The "FRAC Act" would amend the Safe Drinking Water Act's provision pertaining to underground injection to include hydrofracking and require companies employing hydrofacking to publicly disclose the trade-secret chemicals involved in the process.9

Proponents of the measure argue that hydrofracking, which entails sending a mixture of water, sand, and chemicals underground to release the natural gas below the surface, causes water pollution and poses a health risk to nearby population.10

Liberals have used the energy giant Halliburton's investment and interest in the technology as way to rally their base - which has long demonized the company.

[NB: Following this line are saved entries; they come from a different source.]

text \<open>positive semidefinite (complex order: 0 \<le> z iff z is real and nonnegative)\<close>
definition psd :: "complex^'n::finite^'n \<Rightarrow> bool" where
  "psd a \<longleftrightarrow> (\<forall>x::complex^'n. 0 \<le> (\<Sum>i\<in>UNIV. \<Sum>j\<in>UNIV. cnj (x$i) * a$i$j * x$j))"

definition msmult :: "complex \<Rightarrow> complex^'n^'n \<Rightarrow> complex^'n^'n" where
  "msmult c a = (\<chi> i j. c * a$i$j)"

text \<open>Functionals on a subspace S of M_n are represented extensionally:
  functions that vanish outside S.\<close>
definition lin_on :: "(complex^'n^'n) set \<Rightarrow> (complex^'n^'n \<Rightarrow> complex) \<Rightarrow> bool" where
  "lin_on S \<phi> \<longleftrightarrow> (\<forall>a\<in>S. \<forall>b\<in>S. \<phi> (a + b) = \<phi> a + \<phi> b) \<and>
                   (\<forall>c. \<forall>a\<in>S. \<phi> (msmult c a) = c * \<phi> a)"

definition state_of :: "(complex^'n::finite^'n) set \<Rightarrow> (complex^'n^'n \<Rightarrow> complex) \<Rightarrow> bool" where
  "state_of S \<phi> \<longleftrightarrow> lin_on S \<phi> \<and> (\<forall>a\<in>S. psd a \<longrightarrow> 0 \<le> \<phi> a) \<and>
       \<phi> (mat 1) = 1 \<and> (\<forall>a. a \<notin> S \<longrightarrow> \<phi> a = 0)"

definition pure_state_of :: "(complex^'n::finite^'n) set \<Rightarrow> (complex^'n^'n \<Rightarrow> complex) \<Rightarrow> bool" where
  "pure_state_of S \<phi> \<longleftrightarrow> state_of S \<phi> \<and>
     (\<forall>\<psi>1 \<psi>2 (t::real). state_of S \<psi>1 \<and> state_of S \<psi>2 \<and> 0 < t \<and> t < 1 \<and>
        \<phi> = (\<lambda>a. of_real t * \<psi>1 a + of_real (1 - t) * \<psi>2 a) \<longrightarrow> \<psi>1 = \<phi> \<and> \<psi>2 = \<phi>)"

definition restr_to :: "(complex^'n^'n) set \<Rightarrow> (complex^'n^'n \<Rightarrow> complex) \<Rightarrow> (complex^'n^'n \<Rightarrow> complex)" where
  "restr_to S \<phi> = (\<lambda>a. if a \<in> S then \<phi> a else 0)"

definition R_tolerant_pure_state :: "('n::finite \<times> 'n) set \<Rightarrow> (complex^'n^'n \<Rightarrow> complex) \<Rightarrow> bool" where
  "R_tolerant_pure_state R \<phi> \<longleftrightarrow> pure_state_of UNIV \<phi> \<and>
     (\<exists>v. norm v = 1 \<and> R_tolerant R v \<and> (\<forall>a. \<phi> a = trace (Pv v ** a)))"

end

theory Submission
  imports Defs
begin

text \<open>A state of A(R) is determined by its density on the entries in R. Every state of A(R)
  extends to a state of M_n (Hahn-Banach), so a pure state of A(R) is the restriction of a
  vector state P_u. If v is not R-tolerant, A(R) has no entries across a connected component C
  of the graph of R_v, so the restriction of P_v is a proper convex combination of the
  restrictions of the normalised pieces of v on C and off C. If v is R-tolerant and a state
  \<psi> is dominated by a multiple of the restriction of P_v, a density \<rho> of \<psi> vanishes off the
  support of v and annihilates the vector of span {e_i, e_j} orthogonal to v for every edge
  (i, j); so \<rho>_ij = c_i v_i conj v_j with c_i = c_j along edges, connectedness makes c constant
  and the trace makes it 1. The same propagation along edges shows that the R-entries of P_v
  determine P_v, which gives injectivity.\<close>

definition sesq :: "complex^'n::finite^'n \<Rightarrow> complex^'n \<Rightarrow> complex^'n \<Rightarrow> complex" where
  "sesq a x y = (\<Sum>i\<in>UNIV. \<Sum>j\<in>UNIV. cnj (x$i) * a$i$j * y$j)"

definition cinner :: "complex^'n::finite \<Rightarrow> complex^'n \<Rightarrow> complex" where
  "cinner w x = (\<Sum>i\<in>UNIV. cnj (w$i) * x$i)"

lemma psd_iff_sesq: "psd a \<longleftrightarrow> (\<forall>x. 0 \<le> sesq a x x)"
  by (simp add: psd_def sesq_def)

lemma cnj_mult_self: "cnj z * z = of_real (cmod z ^ 2)"
  by (metis complex_norm_square mult.commute of_real_power)

lemma norm_vec_power2: "norm (u::complex^'n::finite) ^ 2 = (\<Sum>i\<in>UNIV. cmod (u$i) ^ 2)"
  unfolding norm_vec_def L2_set_def by (simp add: sum_nonneg)

lemma trace_matrix_mult: "trace (X ** Y) = (\<Sum>i\<in>UNIV. \<Sum>j\<in>UNIV. X$i$j * Y$j$i)"
  by (simp add: trace_def matrix_matrix_mult_def)

lemma Pv_nth: "Pv x $ i $ j = x$i * cnj (x$j)"
  by (simp add: Pv_def)

lemma trace_Pv_mult: "trace (Pv v ** a) = sesq a v v"
proof -
  have "trace (Pv v ** a) = (\<Sum>i\<in>UNIV. \<Sum>j\<in>UNIV. v$i * cnj (v$j) * a$j$i)"
    by (simp add: trace_matrix_mult Pv_nth)
  also have "\<dots> = (\<Sum>j\<in>UNIV. \<Sum>i\<in>UNIV. v$i * cnj (v$j) * a$j$i)"
    by (rule sum.swap)
  finally show ?thesis
    by (simp add: sesq_def mult_ac)
qed

lemma trace_Pv: "trace (Pv u) = of_real (norm u ^ 2)"
  using cnj_mult_self by (simp add: trace_def Pv_nth norm_vec_power2 mult.commute)

lemma sesq_add_left: "sesq a (x + y) z = sesq a x z + sesq a y z"
  by (simp add: sesq_def algebra_simps sum.distrib)

lemma sesq_add_right: "sesq a z (x + y) = sesq a z x + sesq a z y"
  by (simp add: sesq_def algebra_simps sum.distrib)

lemma sesq_scale_left: "sesq a (c *s x) y = cnj c * sesq a x y"
  by (simp add: sesq_def algebra_simps sum_distrib_left)

lemma sesq_scale_right: "sesq a x (c *s y) = c * sesq a x y"
  by (simp add: sesq_def algebra_simps sum_distrib_left)

lemma sesq_diff_right: "sesq a z (x - y) = sesq a z x - sesq a z y"
  by (simp add: sesq_def algebra_simps sum_subtractf)

lemma sesq_matrix_add: "sesq (a + b) x y = sesq a x y + sesq b x y"
  by (simp add: sesq_def algebra_simps sum.distrib)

They point to a provision in the 2005 energy bill – dubbed by critics as the "Halliburton loophole" - that stripped the Environmental Protection Agency of its power to regulate hydrofracking facilities as evidence of chicanery at the hands of then-Vice President Dick Cheney (former CEO and chairman of the company from 1995-2000).11

But hydrofracking is not the destructive process environmentalist would have the public believe. It has been in existence and undergone extensive development and studies since 1940, when Halliburton invented the ground-breaking gas extraction method.12

According to a 2004 EPA study, there have been "…no confirmed cases that are linked to fracturing fluid injection into coal bed methane (CBM) wells or subsequent underground movement of fracturing fluids. Further, although thousands of CBM wells are fractured annually, EPA did not find confirmed evidence that drinking water wells have been contaminated by hydraulic fracturing fluid injection into CBM wells."13

Dr. Bernard L. Weinstein of Southern Methodist University explained, "All but one percent of the fracturing mixture is made up of water and sand, so the small amount of chemicals and additives is well diluted."14

Industry is capitalizing on the great potential of hydrofracking, but the "FRAC Act" could put the process at risk in the future.

Exxon Mobil announced last December plans to purchase the natural gas conglomerate XTO Energy in a deal worth about $41 billion.15 Included in the contract, however, was an exit clause voiding the acquisition if Congress enacts a law that outlaws hydrofracking or makes it "commercially impracticable."16

Instead of subsidizing impractical alterative energy schemes, Congress should advance the one alternative energy source that is both clean and economically viable: natural gas.

It can do so by simply getting out of the way.